We describe the identification of homozygous PAX4 loss-of-function variants in 2 individuals with transient NDM: a p.(Arg126∗) stop-gain variant and a c.-352_104del deletion affecting the first 4 PAX4 exons. We confirmed the p.(Arg126∗) variant causes nonsense mediated decay in CRISPR-edited iPSC-derived pancreatic endoderm cells. Integrated analysis of CUT&RUN-sequencing in EndoC-βH1 cells and RNA-sequencing in PAX4-depleted islet stem cell models identified genes directly regulated by PAX4 involved in both pancreatic islet development and glucose-stimulated insulin secretion.

Conclusion

We report the first human cases of complete loss of PAX4, establishing it as a novel cause of NDM and highlighting its role in human beta cell development. Both probands had transient NDM which remitted in early infancy but relapsed at the ages of 2.4 and 6.7 years, demonstrating that in contrast to mouse models, PAX4 is not essential for the development of human pancreatic beta-cells.

查看原文本刊更多论文

PAX4基因的完全缺失导致人类新生儿短暂性糖尿病

在6个月内诊断为糖尿病的个体（新生儿糖尿病，NDM）的基因发现研究可以为人类胰腺β细胞的发育和功能提供独特的见解。我们在2个不相关的NDM患者中发现了纯合子PAX4功能丧失变体：p.（Arg126*）停止增益变体和c.-352_104del缺失，影响PAX4前4个外显子。我们证实了p.（Arg126*）变异在crispr编辑的人类诱导多能干细胞（iPSC）衍生的胰腺内胚层细胞中引起无义介导的衰变。在PAX4缺失的胰岛细胞模型中，通过对CUT&RUN和rna测序的综合分析，发现了由PAX4直接调控的参与胰岛发育和葡萄糖刺激胰岛素分泌的基因。两个先证都有短暂性NDM，在婴儿期早期得到缓解，但在2.4岁和6.7岁时复发，这表明与小鼠模型相反，PAX4对人类胰腺β细胞的发育不是必需的。

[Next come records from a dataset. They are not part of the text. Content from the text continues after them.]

(* Let $k$ be a positive integer, $a\ge 1$ an integer and $G=K_a\,\square\,K_a$. Then $\gamma_{P,k}(G)=a-k$ if $a\ge k+2$, and $\gamma_{P,k}(G)=1$ otherwise.
   Context: $K_a$ is the complete graph on $a$ vertices and $\square$ denotes the Cartesian product of graphs. $N_G[v]$ is the closed neighbourhood of $v$, and $N_G[S]$ the union of closed neighbourhoods of vertices of $S$. For $S\subseteq V(G)$, define $\mathcal{P}^{0}_{G,k}(S)=N_G[S]$ and $\mathcal{P}^{i+1}_{G,k}(S)=\bigcup\{N_G[v] : v\in \mathcal{P}^{i}_{G,k}(S),\ |N_G[v]\setminus \mathcal{P}^{i}_{G,k}(S)|\le k\}$; these increase and stabilize to $\mathcal{P}^{\infty}_{G,k}(S)$. $S$ is a $k$-power dominating set if $\mathcal{P}^{\infty}_{G,k}(S)=V(G)$; $\gamma_{P,k}(G)$ is the minimum size of such a set. *)

theory Defs
  imports Main
begin

text \<open>A (simple) graph is given by a vertex set V and a symmetric irreflexive
adjacency relation E.\<close>

definition closed_nbhd :: "'a set \<Rightarrow> ('a \<Rightarrow> 'a \<Rightarrow> bool) \<Rightarrow> 'a \<Rightarrow> 'a set" where
  "closed_nbhd V E v = insert v {u \<in> V. E v u}"

definition closed_nbhd_set :: "'a set \<Rightarrow> ('a \<Rightarrow> 'a \<Rightarrow> bool) \<Rightarrow> 'a set \<Rightarrow> 'a set" where
  "closed_nbhd_set V E S = (\<Union>v\<in>S. closed_nbhd V E v)"

fun pow_obs :: "'a set \<Rightarrow> ('a \<Rightarrow> 'a \<Rightarrow> bool) \<Rightarrow> nat \<Rightarrow> 'a set \<Rightarrow> nat \<Rightarrow> 'a set" where
  "pow_obs V E k S 0 = closed_nbhd_set V E S"
| "pow_obs V E k S (Suc i) =
     (\<Union>{closed_nbhd V E v | v. v \<in> pow_obs V E k S i \<and>
          card (closed_nbhd V E v - pow_obs V E k S i) \<le> k})"

definition pow_obs_inf :: "'a set \<Rightarrow> ('a \<Rightarrow> 'a \<Rightarrow> bool) \<Rightarrow> nat \<Rightarrow> 'a set \<Rightarrow> 'a set" where
  "pow_obs_inf V E k S = (\<Union>i. pow_obs V E k S i)"

definition k_pds :: "'a set \<Rightarrow> ('a \<Rightarrow> 'a \<Rightarrow> bool) \<Rightarrow> nat \<Rightarrow> 'a set \<Rightarrow> bool" where
  "k_pds V E k S \<longleftrightarrow> S \<subseteq> V \<and> pow_obs_inf V E k S = V"

definition k_power_domination_number :: "'a set \<Rightarrow> ('a \<Rightarrow> 'a \<Rightarrow> bool) \<Rightarrow> nat \<Rightarrow> nat" where
  "k_power_domination_number V E k = (LEAST n. \<exists>S. k_pds V E k S \<and> card S = n)"

definition rook_vertices :: "nat \<Rightarrow> (nat \<times> nat) set" where
  "rook_vertices a = {0..<a} \<times> {0..<a}"

definition rook_adj :: "nat \<times> nat \<Rightarrow> nat \<times> nat \<Rightarrow> bool" where
  "rook_adj p q \<longleftrightarrow> (fst p = fst q \<and> snd p \<noteq> snd q) \<or> (snd p = snd q \<and> fst p \<noteq> fst q)"

end

theory Submission
  imports Defs
begin

text \<open>For the upper bound, \<open>m \<ge> a - k\<close> diagonal vertices dominate the first \<open>m\<close> rows and
columns, after which every vertex of row 0 has at most \<open>a - m \<le> k\<close> unobserved neighbours
and observes its whole column. For the lower bound, let \<open>R\<close> and \<open>C\<close> be the rows and columns
met by a set \<open>S\<close> with \<open>|S| + k < a\<close>. Then more than \<open>k\<close> rows avoid \<open>R\<close> and more than \<open>k\<close>
columns avoid \<open>C\<close>, so every vertex in a row of \<open>R\<close> or a column of \<open>C\<close> either has its whole
closed neighbourhood there or has more than \<open>k\<close> neighbours outside: the union of these rows
and columns is never left by the propagation. A nonempty set is needed since the empty set
observes nothing.\<close>

lemma closed_nbhd_subset: "v \<in> V \<Longrightarrow> closed_nbhd V E v \<subseteq> V"
  unfolding closed_nbhd_def by auto

lemma finite_closed_nbhd: "finite V \<Longrightarrow> finite (closed_nbhd V E v)"
  unfolding closed_nbhd_def by auto

lemma pow_obs_subset:
  assumes "S \<subseteq> V"
  shows "pow_obs V E k S i \<subseteq> V"
proof (induction i)
  case 0
  have "closed_nbhd V E v \<subseteq> V" if "v \<in> S" for v
    using that assms by (intro closed_nbhd_subset) blast
  then show ?case by (auto simp: closed_nbhd_set_def)
next
  case (Suc i)
  show ?case
  proof
    fix x assume "x \<in> pow_obs V E k S (Suc i)"
    then obtain v where "v \<in> pow_obs V E k S i" "x \<in> closed_nbhd V E v" by auto
    then show "x \<in> V" using Suc closed_nbhd_subset[of v V E] by blast
  qed
qed

lemma pow_obs_SucI:
  assumes "v \<in> pow_obs V E k S i" "card (closed_nbhd V E v - pow_obs V E k S i) \<le> k"
    and "x \<in> closed_nbhd V E v"
  shows "x \<in> pow_obs V E k S (Suc i)"
  using assms by auto

lemma pow_obs_empty: "pow_obs V E k {} i = {}"
  by (induction i) (auto simp: closed_nbhd_set_def)

lemma k_pds_nonempty: "V \<noteq> {} \<Longrightarrow> k_pds V E k S \<Longrightarrow> S \<noteq> {}"
  by (auto simp: k_pds_def pow_obs_inf_def pow_obs_empty)

lemma finite_k_pds: "finite V \<Longrightarrow> k_pds V E k S \<Longrightarrow> finite S"
  unfolding k_pds_def by (auto intro: finite_subset)

lemma card_k_pds_pos:
  assumes "finite V" "V \<noteq> {}" "k_pds V E k S"
  shows "0 < card S"
  using k_pds_nonempty[OF assms(2,3)] finite_k_pds[OF assms(1,3)] by (simp add: card_gt_0_iff)

lemma k_power_domination_number_eqI:
  assumes "k_pds V E k S" "card S = m" and "\<And>S. k_pds V E k S \<Longrightarrow> m \<le> card S"
  shows "k_power_domination_number V E k = m"
  unfolding k_power_domination_number_def using assms by (intro Least_equality) auto

lemma pow_obs_subset_if_closed:
  assumes "finite V" and "closed_nbhd_set V E S \<subseteq> P"
    and closed: "\<And>v. v \<in> P \<Longrightarrow> card (closed_nbhd V E v - P) \<le> k \<Longrightarrow> closed_nbhd V E v \<subseteq> P"
  shows "pow_obs V E k S i \<subseteq> P"
proof (induction i)
  case 0
  show ?case using assms(2) by simp
next
  case (Suc i)
  show ?case
  proof
    fix x assume "x \<in> pow_obs V E k S (Suc i)"
    then obtain v where v: "v \<in> pow_obs V E k S i"
      and small: "card (closed_nbhd V E v - pow_obs V E k S i) \<le> k"
      and x: "x \<in> closed_nbhd V E v" by auto
    have "card (closed_nbhd V E v - P) \<le> card (closed_nbhd V E v - pow_obs V E k S i)"
      using Suc finite_closed_nbhd[OF \<open>finite V\<close>] by (intro card_mono) auto
    with small have "card (closed_nbhd V E v - P) \<le> k" by linarith
    moreover have "v \<in> P" using Suc v by blast
    ultimately show "x \<in> P" using closed x by blast
  qed
qed

lemma k_pds_subset_if_closed:
  assumes "k_pds V E k S" "finite V" "closed_nbhd_set V E S \<subseteq> P"
    and "\<And>v. v \<in> P \<Longrightarrow> card (closed_nbhd V E v - P) \<le> k \<Longrightarrow> closed_nbhd V E v \<subseteq> P"
  shows "V \<subseteq> P"
proof -
  have "pow_obs V E k S i \<subseteq> P" for i
    using pow_obs_subset_if_closed[of V E S P k] assms(2-4) by presburger
  then show ?thesis using assms(1) unfolding k_pds_def pow_obs_inf_def by blast
qed

definition rook_lines :: "nat \<Rightarrow> nat set \<Rightarrow> nat set \<Rightarrow> (nat \<times> nat) set" where
  "rook_lines a R C = {x \<in> rook_vertices a. fst x \<in> R \<or> snd x \<in> C}"

lemma mem_rook_vertices: "x \<in> rook_vertices a \<longleftrightarrow> fst x < a \<and> snd x < a"
  unfolding rook_vertices_def by (simp add: mem_Times_iff)

lemma finite_rook_vertices: "finite (rook_vertices a)"
  unfolding rook_vertices_def by simp

lemma rook_closed_nbhd:
  assumes "v \<in> rook_vertices a"
  shows "closed_nbhd (rook_vertices a) rook_adj v =
         {x \<in> rook_vertices a. fst x = fst v \<or> snd x = snd v}"
  using assms unfolding closed_nbhd_def rook_adj_def by (auto simp: prod_eq_iff)

lemma rook_closed_nbhd_set:
  assumes "S \<subseteq> rook_vertices a"
  shows "closed_nbhd_set (rook_vertices a) rook_adj S = rook_lines a (fst ` S) (snd ` S)"
proof -
  have "closed_nbhd (rook_vertices a) rook_adj v =
          {x \<in> rook_vertices a. fst x = fst v \<or> snd x = snd v}" if "v \<in> S" for v
    using that assms by (intro rook_closed_nbhd) blast
  then show ?thesis unfolding closed_nbhd_set_def rook_lines_def by auto
qed

lemma rook_diagonal_k_pds:
  assumes "1 \<le> m" "m \<le> a" "a \<le> m + k"
  shows "k_pds (rook_vertices a) rook_adj k ((\<lambda>i. (i, i)) ` {0..<m})"
proof -
  let ?V = "rook_vertices a" and ?S = "(\<lambda>i. (i, i)) ` {0..<m}"
  let ?P0 = "pow_obs ?V rook_adj k ?S 0"
  have SV: "?S \<subseteq> ?V" using assms by (auto simp: mem_rook_vertices)
  have P0: "?P0 = rook_lines a {0..<m} {0..<m}"
    using rook_closed_nbhd_set[OF SV] by (simp add: image_image)
  have "x \<in> pow_obs ?V rook_adj k ?S 1" if x: "x \<in> ?V" for x
  proof -
    let ?u = "(0, snd x)"
    have u: "?u \<in> ?V" using x assms by (simp add: mem_rook_vertices)
    have observed: "?u \<in> ?P0" using P0 u assms unfolding rook_lines_def by simp
    have "closed_nbhd ?V rook_adj ?u - ?P0 \<subseteq> {m..<a} \<times> {snd x}"
      unfolding P0 using assms by (auto simp: rook_closed_nbhd[OF u] rook_lines_def mem_rook_vertices)
    then have "card (closed_nbhd ?V rook_adj ?u - ?P0) \<le> card ({m..<a} \<times> {snd x})"
      by (intro card_mono) auto
    also have "\<dots> \<le> k" using assms by (simp add: card_cartesian_product)
    finally have small: "card (closed_nbhd ?V rook_adj ?u - ?P0) \<le> k" .
    have "x \<in> closed_nbhd ?V rook_adj ?u" using x by (simp add: rook_closed_nbhd[OF u])
    then show ?thesis using pow_obs_SucI[OF observed small] by simp
  qed
  then show ?thesis
    using SV pow_obs_subset[OF SV] unfolding k_pds_def pow_obs_inf_def by blast
qed

lemma rook_lines_closed:
  assumes R: "k < card ({0..<a} - R)" and C: "k < card ({0..<a} - C)"
    and v: "v \<in> rook_lines a R C"
    and small: "card (closed_nbhd (rook_vertices a) rook_adj v - rook_lines a R C) \<le> k"
  shows "closed_nbhd (rook_vertices a) rook_adj v \<subseteq> rook_lines a R C"
proof -
  let ?N = "closed_nbhd (rook_vertices a) rook_adj v"
  have vV: "v \<in> rook_vertices a" using v unfolding rook_lines_def by simp
  have card_le: "card A \<le> k" if "A \<subseteq> ?N - rook_lines a R C" for A
  proof -
    have "finite (?N - rook_lines a R C)" using finite_closed_nbhd[OF finite_rook_vertices] by simp
    then show ?thesis using small card_mono[OF _ that] by linarith
  qed
  have "fst v \<in> R"
  proof (rule ccontr)
    assume "fst v \<notin> R"
    then have "{fst v} \<times> ({0..<a} - C) \<subseteq> ?N - rook_lines a R C"
      using vV by (auto simp: rook_closed_nbhd rook_lines_def mem_rook_vertices)
    then have "card ({fst v} \<times> ({0..<a} - C)) \<le> k" by (rule card_le)
    with C show False by (simp add: card_cartesian_product)
  qed
  moreover have "snd v \<in> C"
  proof (rule ccontr)
    assume "snd v \<notin> C"
    then have "({0..<a} - R) \<times> {snd v} \<subseteq> ?N - rook_lines a R C"
      using vV by (auto simp: rook_closed_nbhd rook_lines_def mem_rook_vertices)
    then have "card (({0..<a} - R) \<times> {snd v}) \<le> k" by (rule card_le)
    with R show False by (simp add: card_cartesian_product)
  qed
  ultimately show ?thesis using vV by (auto simp: rook_closed_nbhd rook_lines_def)
qed

lemma rook_k_pds_card_ge:
  assumes pds: "k_pds (rook_vertices a) rook_adj k S"
  shows "a \<le> card S + k"
proof (rule ccontr)
  assume "\<not> a \<le> card S + k"
  have SV: "S \<subseteq> rook_vertices a" using pds unfolding k_pds_def by simp
  have finS: "finite S" using finite_k_pds[OF finite_rook_vertices pds] .
  have lines_left: "k < card ({0..<a} - f ` S)" for f :: "nat \<times> nat \<Rightarrow> nat"
  proof -
    have "a - card (f ` S) \<le> card ({0..<a} - f ` S)"
      using diff_card_le_card_Diff[of "f ` S" "{0..<a}"] finS by simp
    moreover have "card (f ` S) \<le> card S" using finS by (rule card_image_le)
    ultimately show ?thesis using \<open>\<not> a \<le> card S + k\<close> by linarith
  qed
  have covered: "rook_vertices a \<subseteq> rook_lines a (fst ` S) (snd ` S)"
    using k_pds_subset_if_closed[OF pds finite_rook_vertices _ rook_lines_closed[OF lines_left lines_left]]
      rook_closed_nbhd_set[OF SV] by simp
  obtain r c where "r \<in> {0..<a} - fst ` S" "c \<in> {0..<a} - snd ` S"
    using lines_left[of fst] lines_left[of snd] by (metis card.empty ex_in_conv not_less0)
  then have "(r, c) \<in> rook_vertices a - rook_lines a (fst ` S) (snd ` S)"
    by (auto simp: rook_lines_def mem_rook_vertices)
  with covered show False by blast
qed

theorem mainTheorem5:
  fixes k a :: nat
  assumes "k \<ge> 1" and "a \<ge> 1"
  shows "k_power_domination_number (rook_vertices a) rook_adj k =
           (if a \<ge> k + 2 then a - k else 1)"
proof -
  define m where "m = (if a \<ge> k + 2 then a - k else 1)"
  have m: "1 \<le> m" "m \<le> a" "a \<le> m + k" using assms unfolding m_def by auto
  show ?thesis unfolding m_def[symmetric]
  proof (rule k_power_domination_number_eqI)
    show "k_pds (rook_vertices a) rook_adj k ((\<lambda>i. (i, i)) ` {0..<m})"
      using rook_diagonal_k_pds[OF m] .
    show "card ((\<lambda>i. (i, i)) ` {0..<m}) = m"
      by (subst card_image) (auto simp: inj_on_def)
  next
    fix S assume pds: "k_pds (rook_vertices a) rook_adj k S"
    have "rook_vertices a \<noteq> {}" using assms unfolding rook_vertices_def by auto
    then have "0 < card S" using card_k_pds_pos[OF finite_rook_vertices _ pds] by simp
    then show "m \<le> card S" using rook_k_pds_card_ge[OF pds] unfolding m_def by auto
  qed
qed

end
lemma eventually_norm_diff_comparable:
  fixes f :: "complex \<Rightarrow> complex"
  assumes "(f has_field_derivative D) (at z)" "D \<noteq> 0"
  shows "\<forall>\<^sub>F w in at z within S.
    norm D / 2 * norm (w - z) < norm (f z - f w) \<and> norm (f z - f w) < 2 * norm D * norm (w - z)"
proof -
  have slope_lim: "((\<lambda>w. norm ((f w - f z) / (w - z))) \<longlongrightarrow> norm D) (at z within S)"
    using assms(1) unfolding has_field_derivative_iff
    by (intro tendsto_norm) (rule tendsto_mono[OF at_le[OF subset_UNIV]])
  have "\<forall>\<^sub>F w in at z within S. norm D / 2 < norm ((f w - f z) / (w - z))"
    using order_tendstoD(1)[OF slope_lim, of "norm D / 2"] assms(2) by simp
  moreover have "\<forall>\<^sub>F w in at z within S. norm ((f w - f z) / (w - z)) < 2 * norm D"
    using order_tendstoD(2)[OF slope_lim, of "2 * norm D"] assms(2) by simp
  moreover have "\<forall>\<^sub>F w in at z within S. w \<noteq> z"
    by (simp add: eventually_at_filter)
  ultimately show ?thesis
  proof eventually_elim
    case (elim w)
    then have "norm (f z - f w) = norm ((f w - f z) / (w - z)) * norm (w - z)"
      by (simp add: norm_divide norm_minus_commute)
    with elim show ?case by simp
  qed
qed

lemma power_exponent_unique:
  fixes t s :: "'a \<Rightarrow> real"
  assumes "F \<noteq> bot" "(t \<longlongrightarrow> 0) F" "(s \<longlongrightarrow> s0) F" "s0 > 0" "L > 0"
    and bounds: "\<forall>\<^sub>F x in F. t x > 0 \<and> L * t x ^ n \<le> t x ^ m * s x \<and> t x ^ m * s x \<le> M * t x ^ n"
  shows "m = n"
proof (rule ccontr)
  assume "m \<noteq> n"
  then consider "n < m" | "m < n" by linarith
  then have "\<forall>\<^sub>F x in F. False"
  proof cases
    case 1
    have "((\<lambda>x. t x ^ (m - n) * s x) \<longlongrightarrow> 0) F"
      using 1 tendsto_mult[OF tendsto_power[OF assms(2), of "m - n"] assms(3)] by (simp add: power_0_left)
    then have "\<forall>\<^sub>F x in F. t x ^ (m - n) * s x < L"
      using \<open>L > 0\<close> by (rule order_tendstoD(2))
    with bounds show ?thesis
    proof eventually_elim
      case (elim x)
      from elim have "L * t x ^ n \<le> t x ^ m * s x" by blast
      also have "\<dots> = (t x ^ (m - n) * s x) * t x ^ n"
        using 1 by (simp add: power_add[symmetric])
      finally have "L \<le> t x ^ (m - n) * s x"
        by (rule mult_right_le_imp_le) (use elim in simp)
      with elim show ?case by simp
    qed
  next
    case 2
    have "((\<lambda>x. M * t x ^ (n - m)) \<longlongrightarrow> 0) F"
      using 2 tendsto_mult[OF tendsto_const tendsto_power[OF assms(2), of "n - m"], of M]
      by (simp add: power_0_left)
    then have "\<forall>\<^sub>F x in F. M * t x ^ (n - m) < s0 / 2"
      by (rule order_tendstoD(2)) (use \<open>s0 > 0\<close> in simp)
    moreover have "\<forall>\<^sub>F x in F. s0 / 2 < s x"
      using assms(3) by (rule order_tendstoD(1)) (use \<open>s0 > 0\<close> in simp)
    ultimately show ?thesis using bounds
    proof eventually_elim
      case (elim x)
      have "s x * t x ^ m = t x ^ m * s x" by (rule mult.commute)
      also have "\<dots> \<le> M * t x ^ n" using elim by blast
      also have "\<dots> = (M * t x ^ (n - m)) * t x ^ m"
        using 2 by (simp add: power_add[symmetric])
      finally have "s x \<le> M * t x ^ (n - m)"
        by (rule mult_right_le_imp_le) (use elim in simp)
      with elim show ?case by simp
    qed
  qed
  with assms(1) show False by (simp add: eventually_False)
qed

本文章由计算机程序翻译，如有差异，请以英文原文为准。

求助全文

约1分钟内获得全文求助全文

来源期刊

Molecular Metabolism ENDOCRINOLOGY & METABOLISM-

CiteScore

14.50

自引率

2.50%

发文量

219

审稿时长

43 days

期刊介绍： Molecular Metabolism is a leading journal dedicated to sharing groundbreaking discoveries in the field of energy homeostasis and the underlying factors of metabolic disorders. These disorders include obesity, diabetes, cardiovascular disease, and cancer. Our journal focuses on publishing research driven by hypotheses and conducted to the highest standards, aiming to provide a mechanistic understanding of energy homeostasis-related behavior, physiology, and dysfunction. We promote interdisciplinary science, covering a broad range of approaches from molecules to humans throughout the lifespan. Our goal is to contribute to transformative research in metabolism, which has the potential to revolutionize the field. By enabling progress in the prognosis, prevention, and ultimately the cure of metabolic disorders and their long-term complications, our journal seeks to better the future of health and well-being.